▸ Problem description
Each record is to be reproduced verbatim.
Supplied information Start Marker
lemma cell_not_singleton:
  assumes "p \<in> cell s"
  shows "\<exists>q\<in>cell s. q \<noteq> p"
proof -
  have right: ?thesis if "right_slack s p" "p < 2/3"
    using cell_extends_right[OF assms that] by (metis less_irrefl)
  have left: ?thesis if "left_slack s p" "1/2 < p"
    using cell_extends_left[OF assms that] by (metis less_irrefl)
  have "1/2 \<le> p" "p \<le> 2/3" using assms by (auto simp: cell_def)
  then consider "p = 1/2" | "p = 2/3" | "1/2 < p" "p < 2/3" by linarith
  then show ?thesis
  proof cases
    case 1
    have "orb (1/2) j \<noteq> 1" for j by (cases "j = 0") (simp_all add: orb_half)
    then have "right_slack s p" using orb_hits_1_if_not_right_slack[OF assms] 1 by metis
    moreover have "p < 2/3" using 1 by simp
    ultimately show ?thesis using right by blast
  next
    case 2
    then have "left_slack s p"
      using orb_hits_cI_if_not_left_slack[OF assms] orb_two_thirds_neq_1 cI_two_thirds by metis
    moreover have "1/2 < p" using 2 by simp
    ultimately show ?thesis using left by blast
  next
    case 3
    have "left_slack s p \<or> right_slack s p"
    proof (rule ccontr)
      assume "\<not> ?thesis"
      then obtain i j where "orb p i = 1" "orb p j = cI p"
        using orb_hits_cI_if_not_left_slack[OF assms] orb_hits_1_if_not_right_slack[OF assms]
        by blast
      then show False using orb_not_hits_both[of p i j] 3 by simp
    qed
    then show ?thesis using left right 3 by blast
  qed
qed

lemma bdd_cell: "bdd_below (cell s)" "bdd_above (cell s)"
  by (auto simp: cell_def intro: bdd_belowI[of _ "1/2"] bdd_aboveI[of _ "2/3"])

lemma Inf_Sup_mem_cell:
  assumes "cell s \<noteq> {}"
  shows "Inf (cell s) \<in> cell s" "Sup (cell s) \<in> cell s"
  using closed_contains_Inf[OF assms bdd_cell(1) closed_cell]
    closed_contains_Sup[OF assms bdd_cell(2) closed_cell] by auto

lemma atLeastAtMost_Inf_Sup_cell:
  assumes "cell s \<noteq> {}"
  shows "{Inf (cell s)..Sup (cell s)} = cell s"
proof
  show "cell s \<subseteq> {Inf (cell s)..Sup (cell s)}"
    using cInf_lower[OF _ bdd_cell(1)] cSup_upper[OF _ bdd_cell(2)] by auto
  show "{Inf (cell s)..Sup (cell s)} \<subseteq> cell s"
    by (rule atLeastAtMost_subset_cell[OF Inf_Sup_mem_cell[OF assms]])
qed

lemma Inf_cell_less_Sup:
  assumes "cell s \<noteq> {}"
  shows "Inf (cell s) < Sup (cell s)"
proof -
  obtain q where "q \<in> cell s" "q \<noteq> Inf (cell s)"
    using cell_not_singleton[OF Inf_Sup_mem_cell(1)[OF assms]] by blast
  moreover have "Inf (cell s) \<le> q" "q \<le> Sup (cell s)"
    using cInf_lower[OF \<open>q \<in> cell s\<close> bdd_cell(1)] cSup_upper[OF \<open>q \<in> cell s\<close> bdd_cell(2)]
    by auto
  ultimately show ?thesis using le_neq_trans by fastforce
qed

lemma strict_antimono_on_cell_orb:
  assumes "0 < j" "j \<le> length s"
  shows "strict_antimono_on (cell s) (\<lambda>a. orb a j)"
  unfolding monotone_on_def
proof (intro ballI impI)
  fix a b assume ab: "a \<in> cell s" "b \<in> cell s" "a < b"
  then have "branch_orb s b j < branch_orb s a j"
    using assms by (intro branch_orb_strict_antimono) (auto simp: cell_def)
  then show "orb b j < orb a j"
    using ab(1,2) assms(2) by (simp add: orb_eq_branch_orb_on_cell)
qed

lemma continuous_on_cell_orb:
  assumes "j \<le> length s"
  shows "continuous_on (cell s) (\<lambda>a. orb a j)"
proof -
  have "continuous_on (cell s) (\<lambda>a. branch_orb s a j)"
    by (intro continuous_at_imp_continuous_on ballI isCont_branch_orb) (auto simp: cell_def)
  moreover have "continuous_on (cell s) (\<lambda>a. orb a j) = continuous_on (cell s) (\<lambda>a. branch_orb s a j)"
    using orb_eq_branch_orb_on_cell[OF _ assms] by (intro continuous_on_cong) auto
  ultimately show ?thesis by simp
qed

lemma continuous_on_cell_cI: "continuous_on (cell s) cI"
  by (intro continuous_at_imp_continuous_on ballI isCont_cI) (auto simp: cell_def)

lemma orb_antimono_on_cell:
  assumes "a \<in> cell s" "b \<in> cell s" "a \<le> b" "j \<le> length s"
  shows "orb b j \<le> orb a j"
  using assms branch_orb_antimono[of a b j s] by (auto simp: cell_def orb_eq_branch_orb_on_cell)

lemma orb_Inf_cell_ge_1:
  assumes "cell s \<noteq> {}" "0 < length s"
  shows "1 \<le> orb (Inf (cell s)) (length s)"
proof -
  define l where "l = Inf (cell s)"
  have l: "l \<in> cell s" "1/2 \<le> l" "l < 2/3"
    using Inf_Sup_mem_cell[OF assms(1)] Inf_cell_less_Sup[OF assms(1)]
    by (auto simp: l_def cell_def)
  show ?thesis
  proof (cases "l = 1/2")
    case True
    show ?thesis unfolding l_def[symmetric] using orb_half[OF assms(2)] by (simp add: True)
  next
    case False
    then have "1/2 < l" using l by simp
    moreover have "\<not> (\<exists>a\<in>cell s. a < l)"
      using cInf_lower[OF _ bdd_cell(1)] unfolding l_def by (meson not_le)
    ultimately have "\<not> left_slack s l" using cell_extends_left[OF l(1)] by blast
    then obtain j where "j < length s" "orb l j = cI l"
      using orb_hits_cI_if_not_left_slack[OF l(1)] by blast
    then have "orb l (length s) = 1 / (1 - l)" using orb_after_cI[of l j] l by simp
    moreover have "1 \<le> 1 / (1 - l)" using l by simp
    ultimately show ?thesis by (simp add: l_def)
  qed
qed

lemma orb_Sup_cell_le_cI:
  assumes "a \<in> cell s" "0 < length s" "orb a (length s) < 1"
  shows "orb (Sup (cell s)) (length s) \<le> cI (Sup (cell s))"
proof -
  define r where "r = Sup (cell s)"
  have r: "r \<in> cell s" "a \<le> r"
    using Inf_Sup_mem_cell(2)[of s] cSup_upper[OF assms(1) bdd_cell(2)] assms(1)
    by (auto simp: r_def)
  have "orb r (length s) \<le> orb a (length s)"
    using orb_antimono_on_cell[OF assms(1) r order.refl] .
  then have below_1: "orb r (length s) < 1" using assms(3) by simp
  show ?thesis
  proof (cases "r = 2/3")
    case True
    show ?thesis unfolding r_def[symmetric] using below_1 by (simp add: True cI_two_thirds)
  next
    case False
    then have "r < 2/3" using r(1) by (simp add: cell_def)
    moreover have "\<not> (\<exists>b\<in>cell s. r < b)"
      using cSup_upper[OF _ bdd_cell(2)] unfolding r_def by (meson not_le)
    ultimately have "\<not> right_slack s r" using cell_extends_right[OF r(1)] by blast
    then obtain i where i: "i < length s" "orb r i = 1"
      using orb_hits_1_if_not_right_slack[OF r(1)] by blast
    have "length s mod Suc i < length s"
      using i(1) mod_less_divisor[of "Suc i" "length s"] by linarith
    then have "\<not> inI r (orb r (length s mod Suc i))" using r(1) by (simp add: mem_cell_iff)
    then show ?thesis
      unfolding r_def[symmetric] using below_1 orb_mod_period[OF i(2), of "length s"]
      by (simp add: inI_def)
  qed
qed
Supplied information End Marker
▸ Answer to the problem
lemma cell_not_singleton:
  assumes "p \<in> cell s"
  shows "\<exists>q\<in>cell s. q \<noteq> p"
proof -
  have right: ?thesis if "right_slack s p" "p < 2/3"
    using cell_extends_right[OF assms that] by (metis less_irrefl)
  have left: ?thesis if "left_slack s p" "1/2 < p"
    using cell_extends_left[OF assms that] by (metis less_irrefl)
  have "1/2 \<le> p" "p \<le> 2/3" using assms by (auto simp: cell_def)
  then consider "p = 1/2" | "p = 2/3" | "1/2 < p" "p < 2/3" by linarith
  then show ?thesis
  proof cases
    case 1
    have "orb (1/2) j \<noteq> 1" for j by (cases "j = 0") (simp_all add: orb_half)
    then have "right_slack s p" using orb_hits_1_if_not_right_slack[OF assms] 1 by metis
    moreover have "p < 2/3" using 1 by simp
    ultimately show ?thesis using right by blast
  next
    case 2
    then have "left_slack s p"
      using orb_hits_cI_if_not_left_slack[OF assms] orb_two_thirds_neq_1 cI_two_thirds by metis
    moreover have "1/2 < p" using 2 by simp
    ultimately show ?thesis using left by blast
  next
    case 3
    have "left_slack s p \<or> right_slack s p"
    proof (rule ccontr)
      assume "\<not> ?thesis"
      then obtain i j where "orb p i = 1" "orb p j = cI p"
        using orb_hits_cI_if_not_left_slack[OF assms] orb_hits_1_if_not_right_slack[OF assms]
        by blast
      then show False using orb_not_hits_both[of p i j] 3 by simp
    qed
    then show ?thesis using left right 3 by blast
  qed
qed

lemma bdd_cell: "bdd_below (cell s)" "bdd_above (cell s)"
  by (auto simp: cell_def intro: bdd_belowI[of _ "1/2"] bdd_aboveI[of _ "2/3"])

lemma Inf_Sup_mem_cell:
  assumes "cell s \<noteq> {}"
  shows "Inf (cell s) \<in> cell s" "Sup (cell s) \<in> cell s"
  using closed_contains_Inf[OF assms bdd_cell(1) closed_cell]
    closed_contains_Sup[OF assms bdd_cell(2) closed_cell] by auto

lemma atLeastAtMost_Inf_Sup_cell:
  assumes "cell s \<noteq> {}"
  shows "{Inf (cell s)..Sup (cell s)} = cell s"
proof
  show "cell s \<subseteq> {Inf (cell s)..Sup (cell s)}"
    using cInf_lower[OF _ bdd_cell(1)] cSup_upper[OF _ bdd_cell(2)] by auto
  show "{Inf (cell s)..Sup (cell s)} \<subseteq> cell s"
    by (rule atLeastAtMost_subset_cell[OF Inf_Sup_mem_cell[OF assms]])
qed

lemma Inf_cell_less_Sup:
  assumes "cell s \<noteq> {}"
  shows "Inf (cell s) < Sup (cell s)"
proof -
  obtain q where "q \<in> cell s" "q \<noteq> Inf (cell s)"
    using cell_not_singleton[OF Inf_Sup_mem_cell(1)[OF assms]] by blast
  moreover have "Inf (cell s) \<le> q" "q \<le> Sup (cell s)"
    using cInf_lower[OF \<open>q \<in> cell s\<close> bdd_cell(1)] cSup_upper[OF \<open>q \<in> cell s\<close> bdd_cell(2)]
    by auto
  ultimately show ?thesis using le_neq_trans by fastforce
qed

lemma strict_antimono_on_cell_orb:
  assumes "0 < j" "j \<le> length s"
  shows "strict_antimono_on (cell s) (\<lambda>a. orb a j)"
  unfolding monotone_on_def
proof (intro ballI impI)
  fix a b assume ab: "a \<in> cell s" "b \<in> cell s" "a < b"
  then have "branch_orb s b j < branch_orb s a j"
    using assms by (intro branch_orb_strict_antimono) (auto simp: cell_def)
  then show "orb b j < orb a j"
    using ab(1,2) assms(2) by (simp add: orb_eq_branch_orb_on_cell)
qed

lemma continuous_on_cell_orb:
  assumes "j \<le> length s"
  shows "continuous_on (cell s) (\<lambda>a. orb a j)"
proof -
  have "continuous_on (cell s) (\<lambda>a. branch_orb s a j)"
    by (intro continuous_at_imp_continuous_on ballI isCont_branch_orb) (auto simp: cell_def)
  moreover have "continuous_on (cell s) (\<lambda>a. orb a j) = continuous_on (cell s) (\<lambda>a. branch_orb s a j)"
    using orb_eq_branch_orb_on_cell[OF _ assms] by (intro continuous_on_cong) auto
  ultimately show ?thesis by simp
qed

lemma continuous_on_cell_cI: "continuous_on (cell s) cI"
  by (intro continuous_at_imp_continuous_on ballI isCont_cI) (auto simp: cell_def)

lemma orb_antimono_on_cell:
  assumes "a \<in> cell s" "b \<in> cell s" "a \<le> b" "j \<le> length s"
  shows "orb b j \<le> orb a j"
  using assms branch_orb_antimono[of a b j s] by (auto simp: cell_def orb_eq_branch_orb_on_cell)

lemma orb_Inf_cell_ge_1:
  assumes "cell s \<noteq> {}" "0 < length s"
  shows "1 \<le> orb (Inf (cell s)) (length s)"
proof -
  define l where "l = Inf (cell s)"
  have l: "l \<in> cell s" "1/2 \<le> l" "l < 2/3"
    using Inf_Sup_mem_cell[OF assms(1)] Inf_cell_less_Sup[OF assms(1)]
    by (auto simp: l_def cell_def)
  show ?thesis
  proof (cases "l = 1/2")
    case True
    show ?thesis unfolding l_def[symmetric] using orb_half[OF assms(2)] by (simp add: True)
  next
    case False
    then have "1/2 < l" using l by simp
    moreover have "\<not> (\<exists>a\<in>cell s. a < l)"
      using cInf_lower[OF _ bdd_cell(1)] unfolding l_def by (meson not_le)
    ultimately have "\<not> left_slack s l" using cell_extends_left[OF l(1)] by blast
    then obtain j where "j < length s" "orb l j = cI l"
      using orb_hits_cI_if_not_left_slack[OF l(1)] by blast
    then have "orb l (length s) = 1 / (1 - l)" using orb_after_cI[of l j] l by simp
    moreover have "1 \<le> 1 / (1 - l)" using l by simp
    ultimately show ?thesis by (simp add: l_def)
  qed
qed

lemma orb_Sup_cell_le_cI:
  assumes "a \<in> cell s" "0 < length s" "orb a (length s) < 1"
  shows "orb (Sup (cell s)) (length s) \<le> cI (Sup (cell s))"
proof -
  define r where "r = Sup (cell s)"
  have r: "r \<in> cell s" "a \<le> r"
    using Inf_Sup_mem_cell(2)[of s] cSup_upper[OF assms(1) bdd_cell(2)] assms(1)
    by (auto simp: r_def)
  have "orb r (length s) \<le> orb a (length s)"
    using orb_antimono_on_cell[OF assms(1) r order.refl] .
  then have below_1: "orb r (length s) < 1" using assms(3) by simp
  show ?thesis
  proof (cases "r = 2/3")
    case True
    show ?thesis unfolding r_def[symmetric] using below_1 by (simp add: True cI_two_thirds)
  next
    case False
    then have "r < 2/3" using r(1) by (simp add: cell_def)
    moreover have "\<not> (\<exists>b\<in>cell s. r < b)"
      using cSup_upper[OF _ bdd_cell(2)] unfolding r_def by (meson not_le)
    ultimately have "\<not> right_slack s r" using cell_extends_right[OF r(1)] by blast
    then obtain i where i: "i < length s" "orb r i = 1"
      using orb_hits_1_if_not_right_slack[OF r(1)] by blast
    have "length s mod Suc i < length s"
      using i(1) mod_less_divisor[of "Suc i" "length s"] by linarith
    then have "\<not> inI r (orb r (length s mod Suc i))" using r(1) by (simp add: mem_cell_iff)
    then show ?thesis
      unfolding r_def[symmetric] using below_1 orb_mod_period[OF i(2), of "length s"]
      by (simp add: inI_def)
  qed
qed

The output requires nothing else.